> _TASK INSTRUCTIONS_
Beginning at whichever line contains "to the closed product.\<close>", reproduce each line of the records below word for word, ending with the last, and add nothing.

> _DATA RECORDS_
theorem proposition2p9:
  fixes d N :: nat
  assumes "d \<ge> 2" and "Lmin d N \<ge> 3"
  shows "\<forall>l \<le> Lmin d N - 2. \<exists>lo hi :: nat list \<Rightarrow> nat \<Rightarrow> real.
     (\<forall>u \<in> words d l. (\<forall>j \<in> {1..d}. lo u j \<le> hi u j) \<and> hbox d (lo u) (hi u) \<subseteq> unitQ d)
   \<and> unitQ d - (\<Union>u \<in> words d l. hbox d (lo u) (hi u)) \<in> null_sets (lebd d)
   \<and> (\<forall>u \<in> words d l. \<forall>v \<in> words d l. u \<noteq> v \<longrightarrow>
          hbox d (lo u) (hi u) \<inter> hbox d (lo v) (hi v) \<in> null_sets (lebd d))
   \<and> (\<forall>u \<in> words d l. measure (lebd d) (hbox d (lo u) (hi u)) = real (Mcount d N u) / real N)
   \<and> (\<forall>u \<in> words d l. \<forall>j \<in> {1..d}.
          \<bar>lo u j - corner u j\<bar> \<le> Ssum d N l \<and>
          \<bar>hi u j - (corner u j + 1 / 2 ^ l)\<bar> \<le> Ssum d N l)"
  apply (intro allI impI)
  subgoal for l
  proof -
    assume "l \<le> Lmin d N - 2"
    then have "Suc l < Lmin d N" using assms(2) by linarith
    then have N: "((2::nat) ^ d) ^ Suc l \<le> N" by (intro less_imp_le pow_less_of_less_Lmin)
    note N' = pow_le_of_pow_Suc_le[OF N]
    have "1 \<le> d" using assms(1) by simp
    have "(\<Union>u\<in>words d l. cell d N u) = unitQ d" by (rule cells_cover[OF N'])
    moreover have "cell d N u \<inter> cell d N v = {}" if "u \<in> words d l" "v \<in> words d l" "u \<noteq> v" for u v
      using cells_disjoint[OF N'] that by (simp add: disjoint_family_on_def)
    moreover have "measure (lebd d) (cell d N u) = real (Mcount d N u) / real N" if "u \<in> words d l" for u
      using cell_lo_le_hi[OF N' that] cell_volume[OF \<open>1 \<le> d\<close> N' that]
      by (subst measure_lebd_hbox) auto
    ultimately show ?thesis
      using cell_lo_le_hi[OF N'] cell_deviation[OF assms(1) N]
      by (intro exI[of _ "\<lambda>u. fst (cell_corners d N u)"] exI[of _ "\<lambda>u. snd (cell_corners d N u)"]) auto
  qed
  done

end
(* Let $\Omega\subset\mathbb{R}^d$ be a bounded open set, let $q\ge 1$ be an integer, let $\lambda\in\mathbb{R}\setminus\{0\}$, let $k\in C^q(\overline{\Omega}\times\overline{\Omega})$ and let $f\in C^q(\overline{\Omega})$ be a nonzero function. Assume: (1) $\lambda$ does not belong to the spectrum of the integral operator $\mathcal{K}\colon C^0(\overline{\Omega})\to C^0(\overline{\Omega})$, $(\mathcal{K}v)(x)=\int_\Omega k(x,y)v(y)\,dy$; let $u\in C^q(\overline{\Omega})$ denote the unique solution of $\lambda u(x)-\int_\Omega k(x,y)u(y)\,dy=f(x)$, $x\in\Omega$. (2) The quadrature scheme $\{(Y_{\vec h},\vec w_{\vec h})\}$ is stable with constant $C_Q$ and convergent with order $q_w$, where $0<q_w\le q$, with constant $C_w$. (3) The reconstruction scheme $\{(X_{\vec h},Y_{\vec h},R_{\vec h})\}$ is stable and convergent with order $q_R$, where $0<q_R\le q$, with constant $C_R$. Then there exist $\delta>0$ and a constant $C>0$ independent of $h_X,h_Y$ such that for all $h_X,h_Y\in(0,\delta)$: the linear system \[ A_{\vec h}\hat{\vec u}_{\vec h}:=(\lambda I_{\vec h}-K_{\vec h}W_{\vec h}R_{\vec h})\hat{\vec u}_{\vec h}=f|_{X_{\vec h}} \] has a unique solution; the condition number of $A_{\vec h}$ in the $\infty$-norm is bounded independently of $\vec h$; and the Nyström interpolant \[ u_{\vec h}(x)=\frac{1}{\lambda}\Big(\sum_{i=1}^{|Y_{\vec h}|} w_{\vec h,i}\,k(x,y_{\vec h,i})\sum_{j=1}^{|X_{\vec h}|}(R_{\vec h})_{ij}\hat u_{\vec h,j}+f(x)\Big) \] satisfies \[ \|u-u_{\vec h}\|_\infty\le C\Big(C_w\,\max_{x\in\overline{\Omega}}\|k(x,\cdot)\|_{C^q(\overline{\Omega})}\,h_Y^{q_w}+C_QC_R\,\|k\|_{C^0(\overline{\Omega}\times\overline{\Omega})}\,h_X^{q_R}\Big)\|u\|_{C^q(\overline{\Omega})}. \]
   Context: For an integer $m\ge0$, $C^m(\overline{\Omega})$ is the space of functions on $\Omega$ whose partial derivatives $\partial^\alpha v$, $|\alpha|\le m$, exist, are continuous on $\Omega$ and extend continuously to $\overline{\Omega}$, normed by $\|v\|_{C^m(\overline{\Omega})}=\sum_{|\alpha|\le m}\frac{1}{\alpha!}\max_{x\in\overline{\Omega}}|\partial^\alpha v(x)|$ (multi-index notation, $\alpha!=\prod\alpha_i!$); $\|v\|_\infty=\max_{\overline\Omega}|v|$, and $\|k\|_{C^0(\overline\Omega\times\overline\Omega)}=\max|k|$. Here $\vec h=(h_X,h_Y)$ with $h_X,h_Y>0$. A quadrature scheme is a family $\{(Y_{\vec h},\vec w_{\vec h})\}$ of finite node sets $Y_{\vec h}=\{y_{\vec h,i}\}\subset\overline{\Omega}$ and weights $\vec w_{\vec h}\in\mathbb{R}^{|Y_{\vec h}|}$ depending only on $h_Y$, with $|Y_{\vec h}|\to\infty$ as $h_Y\to0^+$. It is stable if $\|\vec w_{\vec h}\|_1\le C_Q$ for all $\vec h$, and convergent with order $q_w$ if $|\int_\Omega v-\sum_i w_{\vec h,i}v(y_{\vec h,i})|\le C_w h_Y^{q_w}\|v\|_{C^{q_w}(\overline{\Omega})}$ for all $\vec h$ and all $v\in C^{q_w}(\overline{\Omega})$. A reconstruction scheme is a family of triples $(X_{\vec h},Y_{\vec h},R_{\vec h})$, $h_X,h_Y>0$, where $X_{\vec h}=\{x_{\vec h,j}\}\subset\overline{\Omega}$ is a finite set depending only on $h_X$ (solution nodes), $Y_{\vec h}$ are the quadrature nodes above, and $R_{\vec h}$ is a real $|Y_{\vec h}|\times|X_{\vec h}|$ matrix. It is stable if $\|R_{\vec h}\|_\infty\le C_I$ (max absolute row sum) for all $\vec h$, and convergent with order $q_R$ if $\|v|_{Y_{\vec h}}-R_{\vec h}v|_{X_{\vec h}}\|_\infty\le C_R h_X^{q_R}\|v\|_{C^{q_R}(\overline{\Omega})}$ for all $\vec h$ and all $v\in C^{q_R}(\overline{\Omega})$, where $v|_S$ denotes the vector of values of $v$ at the points of $S$. $I_{\vec h}$ is the $|X_{\vec h}|\times|X_{\vec h}|$ identity, $(K_{\vec h})_{ij}=k(x_{\vec h,i},y_{\vec h,j})$, $W_{\vec h}=\mathrm{diag}(\vec w_{\vec h})$. *)

theory Defs
  imports "HOL-Analysis.Analysis"
begin

definition pder :: "'a::euclidean_space \<Rightarrow> ('a \<Rightarrow> real) \<Rightarrow> 'a \<Rightarrow> real" where
  "pder b v x = deriv (\<lambda>t. v (x + t *\<^sub>R b)) 0"

fun CmExt :: "'a::euclidean_space set \<Rightarrow> nat \<Rightarrow> ('a \<Rightarrow> real) \<Rightarrow> bool" where
  "CmExt \<Omega> 0 v = (\<exists>g. continuous_on (closure \<Omega>) g \<and> (\<forall>x\<in>\<Omega>. g x = v x))"
| "CmExt \<Omega> (Suc m) v = (CmExt \<Omega> 0 v
      \<and> (\<forall>b\<in>Basis. \<forall>x\<in>\<Omega>. (\<lambda>t. v (x + t *\<^sub>R b)) differentiable (at 0))
      \<and> (\<forall>b\<in>Basis. CmExt \<Omega> m (pder b v)))"

definition Cm :: "'a::euclidean_space set \<Rightarrow> nat \<Rightarrow> ('a \<Rightarrow> real) \<Rightarrow> bool" where
  "Cm \<Omega> m v \<longleftrightarrow> continuous_on (closure \<Omega>) v \<and> CmExt \<Omega> m v"

definition basis_list :: "'a::euclidean_space list" where
  "basis_list = (SOME xs. distinct xs \<and> set xs = Basis)"

text \<open>Multi-index derivative (multi-indices are functions Basis -> nat, zero off Basis).\<close>
definition dpart :: "('a::euclidean_space \<Rightarrow> nat) \<Rightarrow> ('a \<Rightarrow> real) \<Rightarrow> 'a \<Rightarrow> real" where
  "dpart \<alpha> v = fold (\<lambda>b g. (pder b ^^ \<alpha> b) g) basis_list v"

definition mindex :: "nat \<Rightarrow> ('a::euclidean_space \<Rightarrow> nat) set" where
  "mindex m = {\<alpha>. (\<forall>b. b \<notin> Basis \<longrightarrow> \<alpha> b = 0) \<and> (\<Sum>b\<in>Basis. \<alpha> b) \<le> m}"

text \<open>The C^m(closure Omega) norm; the max over closure Omega of the continuous extension of
  a derivative equals its sup over Omega.\<close>
definition cmnorm :: "'a::euclidean_space set \<Rightarrow> nat \<Rightarrow> ('a \<Rightarrow> real) \<Rightarrow> real" where
  "cmnorm \<Omega> m v = (\<Sum>\<alpha>\<in>mindex m.
      (1 / real (\<Prod>b\<in>Basis. fact (\<alpha> b))) * (SUP x\<in>\<Omega>. \<bar>dpart \<alpha> v x\<bar>))"

definition intop :: "'a::euclidean_space set \<Rightarrow> ('a \<times> 'a \<Rightarrow> real) \<Rightarrow> real \<Rightarrow> ('a \<Rightarrow> real) \<Rightarrow> 'a \<Rightarrow> real" where
  "intop \<Omega> k lam v = (\<lambda>x. lam * v x - integral \<Omega> (\<lambda>y. k (x, y) * v y))"

definition sup_norm :: "'a set \<Rightarrow> ('a \<Rightarrow> real) \<Rightarrow> real" where
  "sup_norm S v = (SUP x\<in>S. \<bar>v x\<bar>)"

definition notin_spectrum :: "'a::euclidean_space set \<Rightarrow> ('a \<times> 'a \<Rightarrow> real) \<Rightarrow> real \<Rightarrow> bool" where
  "notin_spectrum \<Omega> k lam \<longleftrightarrow>
     (\<forall>g. continuous_on (closure \<Omega>) g \<longrightarrow>
        (\<exists>v. continuous_on (closure \<Omega>) v \<and> (\<forall>x\<in>closure \<Omega>. intop \<Omega> k lam v x = g x)))
   \<and> (\<forall>v. continuous_on (closure \<Omega>) v \<and> (\<forall>x\<in>closure \<Omega>. intop \<Omega> k lam v x = 0)
        \<longrightarrow> (\<forall>x\<in>closure \<Omega>. v x = 0))
   \<and> (\<exists>M. \<forall>v. continuous_on (closure \<Omega>) v \<longrightarrow>
        sup_norm (closure \<Omega>) v \<le> M * sup_norm (closure \<Omega>) (intop \<Omega> k lam v))"

definition mat_inf_norm :: "nat \<Rightarrow> nat \<Rightarrow> (nat \<Rightarrow> nat \<Rightarrow> real) \<Rightarrow> real" where
  "mat_inf_norm m n A = Max (insert 0 {(\<Sum>j<n. \<bar>A i j\<bar>) | i. i < m})"

definition is_inverse :: "nat \<Rightarrow> (nat \<Rightarrow> nat \<Rightarrow> real) \<Rightarrow> (nat \<Rightarrow> nat \<Rightarrow> real) \<Rightarrow> bool" where
  "is_inverse n A B \<longleftrightarrow> (\<forall>i<n. \<forall>j<n.
      (\<Sum>l<n. A i l * B l j) = (if i = j then 1 else 0) \<and>
      (\<Sum>l<n. B i l * A l j) = (if i = j then 1 else 0))"

definition cond_inf :: "nat \<Rightarrow> (nat \<Rightarrow> nat \<Rightarrow> real) \<Rightarrow> real" where
  "cond_inf n A = mat_inf_norm n n A * mat_inf_norm n n (SOME B. is_inverse n A B)"

text \<open>A = lam I - K W R, with K_il = k(x_i, y_l), W = diag w.\<close>
definition sysmat :: "real \<Rightarrow> ('a \<times> 'a \<Rightarrow> real) \<Rightarrow> (nat \<Rightarrow> 'a) \<Rightarrow> (nat \<Rightarrow> 'a) \<Rightarrow> nat
    \<Rightarrow> (nat \<Rightarrow> real) \<Rightarrow> (nat \<Rightarrow> nat \<Rightarrow> real) \<Rightarrow> nat \<Rightarrow> nat \<Rightarrow> real" where
  "sysmat lam k Xs Ys nYs ws Rm = (\<lambda>i j.
     (if i = j then lam else 0) - (\<Sum>l<nYs. k (Xs i, Ys l) * ws l * Rm l j))"

definition nystrom :: "real \<Rightarrow> ('a \<times> 'a \<Rightarrow> real) \<Rightarrow> ('a \<Rightarrow> real) \<Rightarrow> (nat \<Rightarrow> 'a) \<Rightarrow> nat
    \<Rightarrow> nat \<Rightarrow> (nat \<Rightarrow> real) \<Rightarrow> (nat \<Rightarrow> nat \<Rightarrow> real) \<Rightarrow> (nat \<Rightarrow> real) \<Rightarrow> 'a \<Rightarrow> real" where
  "nystrom lam k f Ys nYs nXs ws Rm uh = (\<lambda>x.
     (1 / lam) * ((\<Sum>i<nYs. ws i * k (x, Ys i) * (\<Sum>j<nXs. Rm i j * uh j)) + f x))"

end

theory Submission
  imports Defs "Jordan_Normal_Form.Determinant"
begin

text \<open>Write K for the integral operator and K_h c = \<Sum>_i w_i k(-, y_i) (R c)_i for its discretisation
  acting on nodal values c, so that the system matrix is c \<mapsto> \<lambda> c - (K_h c)|_X. For a smooth
  function g, K g - K_h (g|_X) is a quadrature error plus a weighted reconstruction error. Applied to
  the sections k(-, y_l) this makes K_h ((K_h c)|_X) - K (K_h c) small relative to max |c|, so the
  resolvent bound of \<lambda> - K transfers to a uniform stability bound for the system matrix once
  h_X, h_Y are small. Stability yields unique solvability and the bound on the condition number,
  and the Nystroem error is the consistency residual \<lambda> u - f - K_h (u|_X) = K u - K_h (u|_X) pushed
  through the stable discrete resolvent. The derivative bounds of the sections of k, uniform in the
  section parameter up to the boundary, come from the continuous extensions of the derivatives of k
  to the closed product.\<close>

section \<open>Stable matrices\<close>

lemma mat_inf_norm_nonneg: "0 \<le> mat_inf_norm m n A"
  unfolding mat_inf_norm_def by (rule Max_ge) auto

lemma mat_inf_norm_le:
  assumes "\<And>i. i < m \<Longrightarrow> (\<Sum>j<n. \<bar>A i j\<bar>) \<le> c" and "0 \<le> c"
  shows "mat_inf_norm m n A \<le> c"
  unfolding mat_inf_norm_def using assms by (subst Max_le_iff) auto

> _RESPONSE AREA_
  to the closed product.\<close>

section \<open>Stable matrices\<close>

lemma mat_inf_norm_nonneg: "0 \<le> mat_inf_norm m n A"
  unfolding mat_inf_norm_def by (rule Max_ge) auto

lemma mat_inf_norm_le:
  assumes "\<And>i. i < m \<Longrightarrow> (\<Sum>j<n. \<bar>A i j\<bar>) \<le> c" and "0 \<le> c"
  shows "mat_inf_norm m n A \<le> c"
  unfolding mat_inf_norm_def using assms by (subst Max_le_iff) auto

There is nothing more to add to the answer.